**BRIEF**.
Restate verbatim the span of lines below between the line with "c) \<le> \<bar>r" and the line with "unfolding j by (rule mem_cylinder_map)", including those two lines, and only that span.

--

(* Let $\mathcal H$ be a well-structured preconditioner set. For every $x\in\mathbb R^d$, $\|x\|_{\mathcal H,*}=\operatorname{Tr}[P_{\mathcal H}(xx^\top)]$.
   Context: $\mathcal S^d_+$ (resp. $\mathcal S^d_{++}$) denotes the set of real symmetric positive semidefinite (resp. positive definite) $d\times d$ matrices; $\langle A,B\rangle=\operatorname{Tr}(A^\top B)$. A set $\mathcal H\subseteq\mathcal S_+^d$ is a well-structured preconditioner set if $\mathcal H=\mathcal S_+^d\cap\mathcal K$ for some set $\mathcal K$ of real $d\times d$ matrices that is closed under scalar multiplication, matrix addition and matrix multiplication and contains the identity $I_d$. For $M\in\mathcal S^d_{++}$, $P_{\mathcal H}(M):=\arg\min_{H\in\mathcal H\cap\mathcal S^d_{++}}\langle M,H^{-1}\rangle+\operatorname{Tr}(H)$ (the minimizer exists and is unique); for singular $M\in\mathcal S^d_+$, $P_{\mathcal H}(M):=\lim_{\delta\downarrow0}P_{\mathcal H}(M+\delta I_d)$. For $H\in\mathcal S_+^d$, $\|x\|_H=\sqrt{x^\top Hx}$; $\|x\|_{\mathcal H}:=\sup_{H\in\mathcal H,\operatorname{Tr}(H)\le1}\|x\|_H$ and $\|y\|_{\mathcal H,*}:=\sup_{\|x\|_{\mathcal H}\le1}\langle x,y\rangle$. *)

theory Defs
  imports "HOL-Analysis.Analysis"
begin

type_synonym 'n sqmat = "real^'n^'n"

definition frob_inner :: "'n::finite sqmat \<Rightarrow> 'n sqmat \<Rightarrow> real" where
  "frob_inner A B = trace (transpose A ** B)"

definition psd_set :: "'n::finite sqmat set" where
  "psd_set = {A. transpose A = A \<and> (\<forall>v. 0 \<le> v \<bullet> (A *v v))}"

definition pd_set :: "'n::finite sqmat set" where
  "pd_set = {A. transpose A = A \<and> (\<forall>v. v \<noteq> 0 \<longrightarrow> 0 < v \<bullet> (A *v v))}"

definition well_structured :: "'n::finite sqmat set \<Rightarrow> bool" where
  "well_structured \<H> \<longleftrightarrow> (\<exists>K :: 'n sqmat set.
      (\<forall>c A. A \<in> K \<longrightarrow> c *\<^sub>R A \<in> K) \<and>
      (\<forall>A B. A \<in> K \<longrightarrow> B \<in> K \<longrightarrow> A + B \<in> K) \<and>
      (\<forall>A B. A \<in> K \<longrightarrow> B \<in> K \<longrightarrow> A ** B \<in> K) \<and>
      mat 1 \<in> K \<and>
      \<H> = psd_set \<inter> K)"

definition precond_obj :: "'n::finite sqmat \<Rightarrow> 'n sqmat \<Rightarrow> real" where
  "precond_obj M H = frob_inner M (matrix_inv H) + trace H"

definition P_pd :: "'n::finite sqmat set \<Rightarrow> 'n sqmat \<Rightarrow> 'n sqmat" where
  "P_pd \<H> M = (THE H. H \<in> \<H> \<inter> pd_set \<and>
      (\<forall>H' \<in> \<H> \<inter> pd_set. precond_obj M H \<le> precond_obj M H'))"

definition P_H :: "'n::finite sqmat set \<Rightarrow> 'n sqmat \<Rightarrow> 'n sqmat" where
  "P_H \<H> M = (if M \<in> pd_set then P_pd \<H> M
     else Lim (at_right 0) (\<lambda>\<delta>::real. P_pd \<H> (M + \<delta> *\<^sub>R mat 1)))"

definition H_norm :: "'n::finite sqmat set \<Rightarrow> real^'n \<Rightarrow> real" where
  "H_norm \<H> x = Sup {sqrt (x \<bullet> (H *v x)) | H. H \<in> \<H> \<and> trace H \<le> 1}"

definition H_dual_norm :: "'n::finite sqmat set \<Rightarrow> real^'n \<Rightarrow> real" where
  "H_dual_norm \<H> y = Sup {x \<bullet> y | x. H_norm \<H> x \<le> 1}"

definition outer :: "real^'n \<Rightarrow> real^'n \<Rightarrow> real^'n^'n" where
  "outer x y = (\<chi> i j. x $ i * y $ j)"

end

theory Submission
  imports Defs
begin

text \<open>Passing from \<open>K\<close> to its transpose-closed part \<open>{X \<in> K. X\<^sup>T \<in> K}\<close> does not change
  \<open>\<H>\<close>, so \<open>K\<close> may be taken closed under transposition. Let \<open>A\<close> be the orthogonal projection
  of \<open>x x\<^sup>T\<close> onto \<open>K\<close>: it is symmetric, \<open>\<langle>A, C\<rangle> = x\<^sup>T C x\<close> for \<open>C \<in> K\<close>, and every spectral
  function \<open>f(A)\<close> lies in \<open>K\<close> by polynomial interpolation on the spectrum. Testing
  \<open>\<langle>A, f(A)\<rangle> = x\<^sup>T f(A) x\<close> with indicator functions \<open>f\<close> shows \<open>A \<ge> 0\<close> and \<open>x \<bottom> ker A\<close>.

  For \<open>\<delta> > 0\<close> put \<open>H = (A + \<delta> I)\<^sup>1\<^sup>/\<^sup>2 \<in> \<H>\<close>. For \<open>G \<in> \<H>\<close> positive definite, \<open>G\<^sup>-\<^sup>1 \<in> K\<close>,
  so the objective at \<open>x x\<^sup>T + \<delta> I\<close> equals \<open>tr(H\<^sup>2 G\<^sup>-\<^sup>1) + tr G\<close>, which exceeds its value
  \<open>2 tr H\<close> at \<open>H\<close> by \<open>tr((H - G) G\<^sup>-\<^sup>1 (H - G)) > 0\<close> unless \<open>G = H\<close>. Letting \<open>\<delta> \<rightarrow> 0\<close>
  gives \<open>P\<^sub>\<H>(x x\<^sup>T) = A\<^sup>1\<^sup>/\<^sup>2\<close>.

  For the dual norm, \<open>y\<^sub>0 = (A\<^sup>+)\<^sup>1\<^sup>/\<^sup>2 x\<close> has \<open>\<H>\<close>-norm at most 1 and \<open>\<langle>x, y\<^sub>0\<rangle> = tr A\<^sup>1\<^sup>/\<^sup>2\<close>;
  conversely Cauchy--Schwarz with the weights \<open>A\<^sup>\<plusminus>\<^sup>1\<^sup>/\<^sup>2\<close> and the preconditioner
  \<open>A\<^sup>1\<^sup>/\<^sup>2 / tr A\<^sup>1\<^sup>/\<^sup>2 \<in> \<H>\<close> give \<open>\<langle>x, y\<rangle> \<le> tr A\<^sup>1\<^sup>/\<^sup>2\<close> whenever \<open>\<parallel>y\<parallel>\<^sub>\<H> \<le> 1\<close>.\<close>

lemma outer_mulv: "outer a b *v v = (b \<bullet> v) *\<^sub>R a"
  by (simp add: outer_def matrix_vector_mult_def inner_vec_def vec_eq_iff sum_distrib_left mult_ac)

lemma transpose_outer: "transpose (outer a b) = outer b a"
  by (simp add: outer_def transpose_def vec_eq_iff mult.commute)

lemma trace_outer: "trace (outer a b) = a \<bullet> b"
  by (simp add: outer_def trace_def inner_vec_def)

lemma inner_outer_self: "outer x x \<bullet> C = x \<bullet> (C *v x)"
  by (simp add: outer_def inner_vec_def matrix_vector_mult_def sum_distrib_left mult_ac)

lemma sum_matrix_vector_mult: "(\<Sum>i\<in>S. F i) *v v = (\<Sum>i\<in>S. F i *v (v::real^'n))"
  by (induction S rule: infinite_finite_induct) (simp_all add: matrix_vector_mult_add_rdistrib)

lemma matrix_vector_mult_sum: "(X::real^'n^'m) *v (\<Sum>i\<in>S. f i) = (\<Sum>i\<in>S. X *v f i)"
  using linear_sum[OF matrix_vector_mul_linear[of X]] by simp

lemma trace_sum: "trace (\<Sum>i\<in>S. F i) = (\<Sum>i\<in>S. trace (F i :: real^'n^'n))"
  by (induction S rule: infinite_finite_induct) (simp_all add: trace_add trace_0[simplified])

lemma transpose_add: "transpose (A + B) = transpose A + transpose (B::real^'n^'m)"
  by (simp add: transpose_def vec_eq_iff)

lemma transpose_diff: "transpose (A - B) = transpose A - transpose (B::real^'n^'m)"
  by (simp add: transpose_def vec_eq_iff)

lemma matrix_diff_ldistrib: "(A::real^'n^'m) ** (B - C) = A ** B - A ** C"
  by (simp add: matrix_matrix_mult_def vec_eq_iff sum_subtractf algebra_simps)

lemma matrix_diff_rdistrib: "((B::real^'n^'m) - C) ** A = B ** A - C ** A"
  by (simp add: matrix_matrix_mult_def vec_eq_iff sum_subtractf algebra_simps)
lemma integral_inner_eq_0_if_cond_indep:
  fixes \<xi> :: "'i \<Rightarrow> 'a \<Rightarrow> 'v::euclidean_space"
  assumes indep: "cond_indep_vars M F \<xi> I" and "i \<in> I" "j \<in> I" "i \<noteq> j"
    and [measurable]: "\<xi> i \<in> borel_measurable M" "\<xi> j \<in> borel_measurable M"
    and "integrable M (\<lambda>\<omega>. (norm (\<xi> i \<omega>))\<^sup>2)" "integrable M (\<lambda>\<omega>. (norm (\<xi> j \<omega>))\<^sup>2)"
    and centred: "\<And>b. b \<in> Basis \<Longrightarrow> AE \<omega> in M. real_cond_exp M F (\<lambda>\<omega>. \<xi> i \<omega> \<bullet> b) \<omega> = 0"
  shows "(\<integral>\<omega>. \<xi> i \<omega> \<bullet> \<xi> j \<omega> \<partial>M) = 0"
proof -
  have integrable: "integrable M (\<lambda>\<omega>. (\<xi> i \<omega> \<bullet> b) * (\<xi> j \<omega> \<bullet> b))" if "b \<in> Basis" for b
    using assms that by (intro integrable_inner_Basis_mult_square_integrable) auto
  have "(\<integral>\<omega>. (\<xi> i \<omega> \<bullet> b) * (\<xi> j \<omega> \<bullet> b) \<partial>M) = 0" if b: "b \<in> Basis" for b
  proof (rule integral_mult_eq_0_if_cond_indep)
    fix A B :: "real set" assume "A \<in> sets borel" "B \<in> sets borel"
    define S where "S k = (if k = i then (\<lambda>v. v \<bullet> b) -` A else (\<lambda>v. v \<bullet> b) -` B)" for k
    have "\<forall>k\<in>{i, j}. S k \<in> sets borel"
      unfolding S_def using \<open>A \<in> sets borel\<close> \<open>B \<in> sets borel\<close>
      by (auto intro!: measurable_sets_borel[of "\<lambda>v::'v. v \<bullet> b"])
    then have "AE \<omega> in M. real_cond_exp M F (\<lambda>\<omega>. \<Prod>k\<in>{i, j}. indicator (S k) (\<xi> k \<omega>)) \<omega>
        = (\<Prod>k\<in>{i, j}. real_cond_exp M F (\<lambda>\<omega>. indicator (S k) (\<xi> k \<omega>)) \<omega>)"
      using indep \<open>i \<in> I\<close> \<open>j \<in> I\<close> unfolding cond_indep_vars_def by auto
    moreover have "(\<lambda>\<omega>. \<Prod>k\<in>{i, j}. indicator (S k) (\<xi> k \<omega>) :: real)
        = (\<lambda>\<omega>. indicator A (\<xi> i \<omega> \<bullet> b) * indicator B (\<xi> j \<omega> \<bullet> b))"
      using \<open>i \<noteq> j\<close> by (auto simp: S_def fun_eq_iff indicator_def)
    moreover have "(\<lambda>\<omega>. indicator (S i) (\<xi> i \<omega>) :: real) = (\<lambda>\<omega>. indicator A (\<xi> i \<omega> \<bullet> b))"
      by (auto simp: S_def fun_eq_iff indicator_def)
    moreover have "(\<lambda>\<omega>. indicator (S j) (\<xi> j \<omega>) :: real) = (\<lambda>\<omega>. indicator B (\<xi> j \<omega> \<bullet> b))"
      using \<open>i \<noteq> j\<close> by (auto simp: S_def fun_eq_iff indicator_def)
    ultimately show "AE \<omega> in M. real_cond_exp M F (\<lambda>\<omega>. indicator A (\<xi> i \<omega> \<bullet> b) * indicator B (\<xi> j \<omega> \<bullet> b)) \<omega>
        = real_cond_exp M F (\<lambda>\<omega>. indicator A (\<xi> i \<omega> \<bullet> b)) \<omega>
          * real_cond_exp M F (\<lambda>\<omega>. indicator B (\<xi> j \<omega> \<bullet> b)) \<omega>"
      using \<open>i \<noteq> j\<close> by simp
  qed (use assms b integrable in \<open>auto intro: integrable_inner_Basis\<close>)
  then show ?thesis
    by (simp add: integral_inner_eq_sum_Basis[OF integrable])
qed

end

lemma (in finite_measure_subalgebra) integral_inner_average_eq_0_if_cond_centred:
  fixes a :: "'a \<Rightarrow> 'v::euclidean_space" and \<xi> :: "'i \<Rightarrow> 'a \<Rightarrow> 'v"
  assumes [measurable]: "a \<in> borel_measurable F" "\<And>i. i \<in> I \<Longrightarrow> \<xi> i \<in> borel_measurable M"
    and square_integrable: "integrable M (\<lambda>\<omega>. (norm (a \<omega>))\<^sup>2)"
      "\<And>i. i \<in> I \<Longrightarrow> integrable M (\<lambda>\<omega>. (norm (\<xi> i \<omega>))\<^sup>2)"
    and centred: "\<And>i b. i \<in> I \<Longrightarrow> b \<in> Basis \<Longrightarrow> AE \<omega> in M. real_cond_exp M F (\<lambda>\<omega>. \<xi> i \<omega> \<bullet> b) \<omega> = 0"
  defines "\<eta> \<omega> \<equiv> (1 / card I) *\<^sub>R (\<Sum>i\<in>I. \<xi> i \<omega>)"
  shows "integrable M (\<lambda>\<omega>. a \<omega> \<bullet> \<eta> \<omega>)" "(\<integral>\<omega>. a \<omega> \<bullet> \<eta> \<omega> \<partial>M) = 0"
proof -
  have [measurable]: "a \<in> borel_measurable M"
    by (rule measurable_from_subalg[OF subalg]) measurable
  have integrable: "integrable M (\<lambda>\<omega>. a \<omega> \<bullet> \<xi> i \<omega>)" if "i \<in> I" for i
    using that by (intro integrable_inner_square_integrable square_integrable) auto
  have a_\<eta>: "a \<omega> \<bullet> \<eta> \<omega> = (1 / card I) * (\<Sum>i\<in>I. a \<omega> \<bullet> \<xi> i \<omega>)" for \<omega>
    by (simp add: \<eta>_def inner_sum_right)
  then show "integrable M (\<lambda>\<omega>. a \<omega> \<bullet> \<eta> \<omega>)"
    using integrable by simp
  show "(\<integral>\<omega>. a \<omega> \<bullet> \<eta> \<omega> \<partial>M) = 0"
    unfolding a_\<eta> using integrable
    by (simp add: Bochner_Integration.integral_sum integral_inner_eq_0_if_cond_centred
        square_integrable centred)
qed

locale prob_space_subalgebra = prob_space M + finite_measure_subalgebra M F
  for M :: "'a measure" and F :: "'a measure"
lemma wphi_le_if_flat_subgradient:
  assumes "\<And>g. 0 < g \<Longrightarrow> ln g - c \<le> \<psi> g / g" "0 < M" "0 \<le> r" "0 \<le> u"
    and "\<forall>s. \<phi> (r + u) + g * (s - (r + u)) \<le> \<phi> s" "0 < g" "g \<le> M * exp u"
  shows "\<phi> (r + u) \<le> M * exp u * (\<bar>r - ln M + c\<bar> + 1)"
proof -
  define \<theta> where "\<theta> = g / (M * exp u)"
  have "0 < \<theta>" "\<theta> \<le> 1" "g = M * exp u * \<theta>"
    using assms(2,6,7) by (auto simp: \<theta>_def)
  have "\<phi> (r + u) = (r + u) * g - \<psi> g"
    using wphi_eq_subgradient[OF _ assms(5)] assms(3,4) by simp
  also have "\<dots> \<le> g * (r + u - ln g + c)"
    using assms(1)[OF assms(6)] assms(6) by (simp add: le_divide_eq algebra_simps)
  also have "ln g = ln M + u + ln \<theta>"
    using \<open>0 < \<theta>\<close> assms(2) \<open>g = M * exp u * \<theta>\<close> by (simp add: ln_mult)
  also have "g * (r + u - (ln M + u + ln \<theta>) + c) = M * exp u * (\<theta> * (r - ln M + c) - \<theta> * ln \<theta>)"
    by (subst \<open>g = M * exp u * \<theta>\<close>) (simp add: algebra_simps)
  also have "\<dots> \<le> M * exp u * (\<bar>r - ln M + c\<bar> + 1)"
  proof -
    have "\<theta> * (r - ln M + c) \<le> \<theta> * \<bar>r - ln M + c\<bar>"
      using \<open>0 < \<theta>\<close> by (intro mult_left_mono) auto
    also have "\<dots> \<le> \<bar>r - ln M + c\<bar>"
      using \<open>0 < \<theta>\<close> \<open>\<theta> \<le> 1\<close> by (simp add: mult_left_le_one_le)
    finally have "\<theta> * (r - ln M + c) \<le> \<bar>r - ln M + c\<bar>" .
    moreover have "- (\<theta> * ln \<theta>) \<le> 1"
      using neg_mult_ln_le[OF \<open>0 < \<theta>\<close>] \<open>0 < \<theta>\<close> by linarith
    ultimately show ?thesis
      using assms(2) by (intro mult_left_mono) auto
  qed
  finally show ?thesis .
qed
lemma continuous_map_f: "continuous_map cantor cantor f"
proof -
  have "continuous_map cantor (discrete_topology UNIV) (\<lambda>\<alpha>. f \<alpha> i)" for i
  proof (rule continuous_map_cantor_discrete_if_finitely_determined)
    fix \<alpha> \<beta> :: "nat \<Rightarrow> bool" assume "\<forall>k<length (enum_bits i). \<alpha> k = \<beta> k"
    then have "flipset (events i) \<alpha> = flipset (events i) \<beta>"
      by (intro flipset_events_cong) simp
    moreover have "i < length (sig_ext i)"
      using less_length_sig[of i] length_sig_less_sig_ext[of i] by simp
    ultimately show "f \<alpha> i = f \<beta> i"
      using flips_below_sig_ext by (simp add: f_def flip_seq_def)
  qed
  then show ?thesis
    by (simp add: cantor_def continuous_map_componentwise_UNIV)
qed

lemma flips_hit:
  assumes "\<alpha> k"
  obtains q where "q \<in> flips \<alpha>" "0 < q" "fst_phi (q - 1) = fst_phi k"
proof -
  obtain j where j: "enum_bits j = map \<alpha> [0..<Suc k]"
    using enum_bits_surj by blast
  then have "ends_True (enum_bits j)"
    using assms by (simp add: ends_True_def)
  moreover have "\<alpha> \<in> cylinder (enum_bits j)"
    unfolding j by (rule mem_cylinder_map)
  ultimately show thesis
    using that[of "node j"] fst_phi_node[of j] node_gt[of j] j by (auto simp: flips_def)
qed
lemma norm_ellipsoid_map_lt_one:
  fixes u z :: "'a::real_inner"
  assumes u: "u \<bullet> u = 1" and R: "0 < R"
    and W: "norm (4 *\<^sub>R z + ((4/R - 4) * (u \<bullet> z)) *\<^sub>R u - u) < 1"
  shows "norm (z - (u \<bullet> z) *\<^sub>R u) < 1/4" "0 < u \<bullet> z" "u \<bullet> z < R/2"
proof -
  have "(norm (4 *\<^sub>R z + ((4/R - 4) * (u \<bullet> z)) *\<^sub>R u - u))\<^sup>2
      = (4 * norm (z - (u \<bullet> z) *\<^sub>R u))\<^sup>2 + (4 * (u \<bullet> z) / R - 1)\<^sup>2"
    using norm_ellipsoid_map_sq[OF u, of z R] by (simp add: power_mult_distrib)
  moreover have "(norm (4 *\<^sub>R z + ((4/R - 4) * (u \<bullet> z)) *\<^sub>R u - u))\<^sup>2 < 1"
    using W by (simp add: abs_square_less_1)
  ultimately have "(4 * norm (z - (u \<bullet> z) *\<^sub>R u))\<^sup>2 < 1" "(4 * (u \<bullet> z) / R - 1)\<^sup>2 < 1"
    using zero_le_power2[of "4 * norm (z - (u \<bullet> z) *\<^sub>R u)"] zero_le_power2[of "4 * (u \<bullet> z) / R - 1"]
    by linarith+
  then have "\<bar>4 * norm (z - (u \<bullet> z) *\<^sub>R u)\<bar> < 1" "\<bar>4 * (u \<bullet> z) / R - 1\<bar> < 1"
    by (simp_all only: abs_square_less_1)
  then show "norm (z - (u \<bullet> z) *\<^sub>R u) < 1/4" "0 < u \<bullet> z" "u \<bullet> z < R/2"
    using R by (auto simp: abs_less_iff field_simps)
qed

lemma is_position_of_hbar_ellipsoid:
  fixes u :: "real^'n"
  assumes "u \<bullet> u = 1" "0 < R"
  shows "is_position_of_hbar (\<lambda>z. 1/2 * hbar (4 *\<^sub>R z + ((4/R - 4) * (u \<bullet> z)) *\<^sub>R u - u))"
  using is_position_of_hbar_rank_one[OF assms(1), of 4 "4/R - 4" "1/2" "- u"] assms(2) by simp

lemma ellipsoid_position_le:
  fixes f :: "'a::euclidean_space \<Rightarrow> real"
  assumes lc: "log_concave f" and hb: "\<And>x. hbar x \<le> f x" and fx0: "1 \<le> f x0"
    and u: "u \<bullet> u = 1" and R: "0 < R" and x0: "x0 = R *\<^sub>R u"
  shows "1/2 * hbar (4 *\<^sub>R z + ((4/R - 4) * (u \<bullet> z)) *\<^sub>R u - u) \<le> f z"
proof (cases "norm (4 *\<^sub>R z + ((4/R - 4) * (u \<bullet> z)) *\<^sub>R u - u) < 1")
  case False
  then have "hbar (4 *\<^sub>R z + ((4/R - 4) * (u \<bullet> z)) *\<^sub>R u - u) = 0"
    by (intro hbar_eq_0) simp
  then show ?thesis
    using hb[of z] hbar_nonneg[of z] by simp
next
  case True
  define p where "p = z - (u \<bullet> z) *\<^sub>R u"
  define \<theta> where "\<theta> = (u \<bullet> z) / R"
  note W = norm_ellipsoid_map_lt_one[OF u R True, folded p_def]
  have \<theta>: "0 < \<theta>" "\<theta> < 1/2"
    using W R by (auto simp: \<theta>_def field_simps)
  define y where "y = (1 / (1 - \<theta>)) *\<^sub>R p"
  have "(1 - \<theta>) *\<^sub>R y = p" "\<theta> *\<^sub>R x0 = (u \<bullet> z) *\<^sub>R u"
    using \<theta> R by (simp_all add: y_def \<theta>_def x0)
  then have z: "z = (1 - \<theta>) *\<^sub>R y + \<theta> *\<^sub>R x0"
    by (simp add: p_def)
  have "norm y = norm p / (1 - \<theta>)"
    using \<theta> by (simp add: y_def)
  also have "\<dots> \<le> 1/2"
    using W \<theta> by (simp add: divide_le_eq)
  finally have "(norm y)\<^sup>2 \<le> (1/2)\<^sup>2"
    by (intro power_mono) auto
  then have "3/4 \<le> hbar y"
    using one_minus_norm_sq_le_hbar[of y] by (simp add: power_divide)
  also have "\<dots> \<le> hbar y powr (1 - \<theta>) * 1 powr \<theta>"
    using powr_mono'[of "1 - \<theta>" 1 "hbar y"] hbar_nonneg[of y] hbar_le_one[of y] \<theta> by simp
  also have "\<dots> \<le> f z"
    unfolding z using hb fx0 \<theta> by (intro log_concave_lower_bound[OF lc]) (auto simp: hbar_nonneg)
  finally show ?thesis
    using hbar_le_one[of "4 *\<^sub>R z + ((4/R - 4) * (u \<bullet> z)) *\<^sub>R u - u"] by linarith
qed

lemma ellipsoid_ge_on_cube:
  fixes u z c :: "'a::euclidean_space"
  assumes u: "u \<bullet> u = 1" and R: "0 < R" and c: "c = (R/4 + t) *\<^sub>R u" and t: "\<bar>t\<bar> + 1/8 \<le> R/8"
    and z: "z \<in> cbox (c - (1 / (8 * DIM('a))) *\<^sub>R One) (c + (1 / (8 * DIM('a))) *\<^sub>R One)"
  shows "1/2 \<le> hbar (4 *\<^sub>R z + ((4/R - 4) * (u \<bullet> z)) *\<^sub>R u - u)"
proof -
  define e where "e = z - c"
  have e: "norm e \<le> 1/8"
    using norm_le_of_mem_cube[OF z] by (simp add: e_def)
  have "norm u = 1"
    using u by (simp add: norm_eq_sqrt_inner)
  then have ue: "\<bar>u \<bullet> e\<bar> \<le> 1/8"
    using Cauchy_Schwarz_ineq2[of u e] e by simp
  have uz: "u \<bullet> z = R/4 + t + u \<bullet> e"
    using u by (simp add: e_def c inner_diff_right)
  have "z - (u \<bullet> z) *\<^sub>R u = (c + e) - (R/4 + t + u \<bullet> e) *\<^sub>R u"
    unfolding uz by (simp add: e_def)
  also have "\<dots> = e - (u \<bullet> e) *\<^sub>R u"
    by (simp add: c algebra_simps)
  finally have "(norm (z - (u \<bullet> z) *\<^sub>R u))\<^sup>2 \<le> (norm e)\<^sup>2"
    using norm_rank_one_update_sq[OF u, of 1 e 0 0] by simp
  also have "\<dots> \<le> 1/64"
    using e power_mono[of "norm e" "1/8" 2] by (simp add: power_divide)
  finally have p: "(norm (z - (u \<bullet> z) *\<^sub>R u))\<^sup>2 \<le> 1/64" .
  define s where "s = t + u \<bullet> e"
  have "\<bar>s\<bar> \<le> R/8"
    using t ue abs_triangle_ineq[of t "u \<bullet> e"] by (simp add: s_def)
  moreover have "4 * (u \<bullet> z) / R - 1 = 4 * s / R"
    using R by (simp add: uz s_def field_simps)
  ultimately have "\<bar>4 * (u \<bullet> z) / R - 1\<bar> \<le> 1/2"
    using R by (simp add: abs_mult divide_le_eq)
  then have "(4 * (u \<bullet> z) / R - 1)\<^sup>2 \<le> 1/4"
    using power_mono[of "\<bar>4 * (u \<bullet> z) / R - 1\<bar>" "1/2" 2] by (simp add: power_divide)
  then have "(norm (4 *\<^sub>R z + ((4/R - 4) * (u \<bullet> z)) *\<^sub>R u - u))\<^sup>2 \<le> 1/2"
    using norm_ellipsoid_map_sq[OF u, of z R] p by linarith
  then show ?thesis
    using one_minus_norm_sq_le_hbar[of "4 *\<^sub>R z + ((4/R - 4) * (u \<bullet> z)) *\<^sub>R u - u"] by linarith
qed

--

**ANSWER SECTION**.
    finally have "\<theta> * (r - ln M + c) \<le> \<bar>r - ln M + c\<bar>" .
    moreover have "- (\<theta> * ln \<theta>) \<le> 1"
      using neg_mult_ln_le[OF \<open>0 < \<theta>\<close>] \<open>0 < \<theta>\<close> by linarith
    ultimately show ?thesis
      using assms(2) by (intro mult_left_mono) auto
  qed
  finally show ?thesis .
qed
lemma continuous_map_f: "continuous_map cantor cantor f"
proof -
  have "continuous_map cantor (discrete_topology UNIV) (\<lambda>\<alpha>. f \<alpha> i)" for i
  proof (rule continuous_map_cantor_discrete_if_finitely_determined)
    fix \<alpha> \<beta> :: "nat \<Rightarrow> bool" assume "\<forall>k<length (enum_bits i). \<alpha> k = \<beta> k"
    then have "flipset (events i) \<alpha> = flipset (events i) \<beta>"
      by (intro flipset_events_cong) simp
    moreover have "i < length (sig_ext i)"
      using less_length_sig[of i] length_sig_less_sig_ext[of i] by simp
    ultimately show "f \<alpha> i = f \<beta> i"
      using flips_below_sig_ext by (simp add: f_def flip_seq_def)
  qed
  then show ?thesis
    by (simp add: cantor_def continuous_map_componentwise_UNIV)
qed

lemma flips_hit:
  assumes "\<alpha> k"
  obtains q where "q \<in> flips \<alpha>" "0 < q" "fst_phi (q - 1) = fst_phi k"
proof -
  obtain j where j: "enum_bits j = map \<alpha> [0..<Suc k]"
    using enum_bits_surj by blast
  then have "ends_True (enum_bits j)"
    using assms by (simp add: ends_True_def)
  moreover have "\<alpha> \<in> cylinder (enum_bits j)"
    unfolding j by (rule mem_cylinder_map)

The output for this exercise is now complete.